(To do): Where the records below have a line with "moreover", that line is to be copied.
BEGIN Records shown
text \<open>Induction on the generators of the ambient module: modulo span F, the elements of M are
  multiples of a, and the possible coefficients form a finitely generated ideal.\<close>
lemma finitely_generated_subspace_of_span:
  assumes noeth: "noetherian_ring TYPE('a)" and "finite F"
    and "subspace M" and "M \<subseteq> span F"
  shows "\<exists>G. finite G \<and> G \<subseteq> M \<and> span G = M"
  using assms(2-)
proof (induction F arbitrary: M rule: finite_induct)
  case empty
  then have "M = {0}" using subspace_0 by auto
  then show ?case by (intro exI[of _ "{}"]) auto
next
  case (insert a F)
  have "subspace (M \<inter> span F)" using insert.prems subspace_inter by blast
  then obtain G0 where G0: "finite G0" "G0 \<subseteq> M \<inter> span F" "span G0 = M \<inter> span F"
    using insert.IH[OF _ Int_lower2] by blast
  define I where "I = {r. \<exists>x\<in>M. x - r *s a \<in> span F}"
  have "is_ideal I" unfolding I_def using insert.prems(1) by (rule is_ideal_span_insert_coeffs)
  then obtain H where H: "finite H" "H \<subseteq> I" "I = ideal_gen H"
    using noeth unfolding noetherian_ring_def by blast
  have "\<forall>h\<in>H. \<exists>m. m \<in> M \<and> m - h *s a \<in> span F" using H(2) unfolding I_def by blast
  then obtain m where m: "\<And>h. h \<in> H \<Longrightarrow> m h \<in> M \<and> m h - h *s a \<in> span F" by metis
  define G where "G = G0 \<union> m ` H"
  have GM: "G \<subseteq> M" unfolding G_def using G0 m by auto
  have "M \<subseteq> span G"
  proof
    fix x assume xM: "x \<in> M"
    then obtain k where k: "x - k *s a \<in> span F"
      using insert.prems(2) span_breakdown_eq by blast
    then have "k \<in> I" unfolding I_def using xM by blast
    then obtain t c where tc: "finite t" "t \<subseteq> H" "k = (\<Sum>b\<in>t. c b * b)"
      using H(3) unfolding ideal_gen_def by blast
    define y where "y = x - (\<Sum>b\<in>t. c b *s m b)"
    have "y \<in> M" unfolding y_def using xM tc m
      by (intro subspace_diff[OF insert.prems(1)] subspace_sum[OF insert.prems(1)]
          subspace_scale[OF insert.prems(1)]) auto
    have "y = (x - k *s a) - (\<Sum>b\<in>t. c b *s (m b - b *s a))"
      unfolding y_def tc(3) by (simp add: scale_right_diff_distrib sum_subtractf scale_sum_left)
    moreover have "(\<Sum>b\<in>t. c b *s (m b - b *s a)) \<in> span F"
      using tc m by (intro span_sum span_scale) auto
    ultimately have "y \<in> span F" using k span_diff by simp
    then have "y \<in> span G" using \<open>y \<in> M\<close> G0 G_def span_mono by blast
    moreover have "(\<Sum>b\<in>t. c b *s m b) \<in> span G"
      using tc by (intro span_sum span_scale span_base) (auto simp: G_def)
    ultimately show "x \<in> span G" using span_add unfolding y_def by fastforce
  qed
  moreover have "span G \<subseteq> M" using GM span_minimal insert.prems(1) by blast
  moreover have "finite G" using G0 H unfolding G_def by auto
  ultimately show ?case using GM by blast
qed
END Records shown
(Written solution):
    moreover have "(\<Sum>b\<in>t. c b *s (m b - b *s a)) \<in> span F"
    moreover have "(\<Sum>b\<in>t. c b *s m b) \<in> span G"
  moreover have "span G \<subseteq> M" using GM span_minimal insert.prems(1) by blast
  moreover have "finite G" using G0 H unfolding G_def by auto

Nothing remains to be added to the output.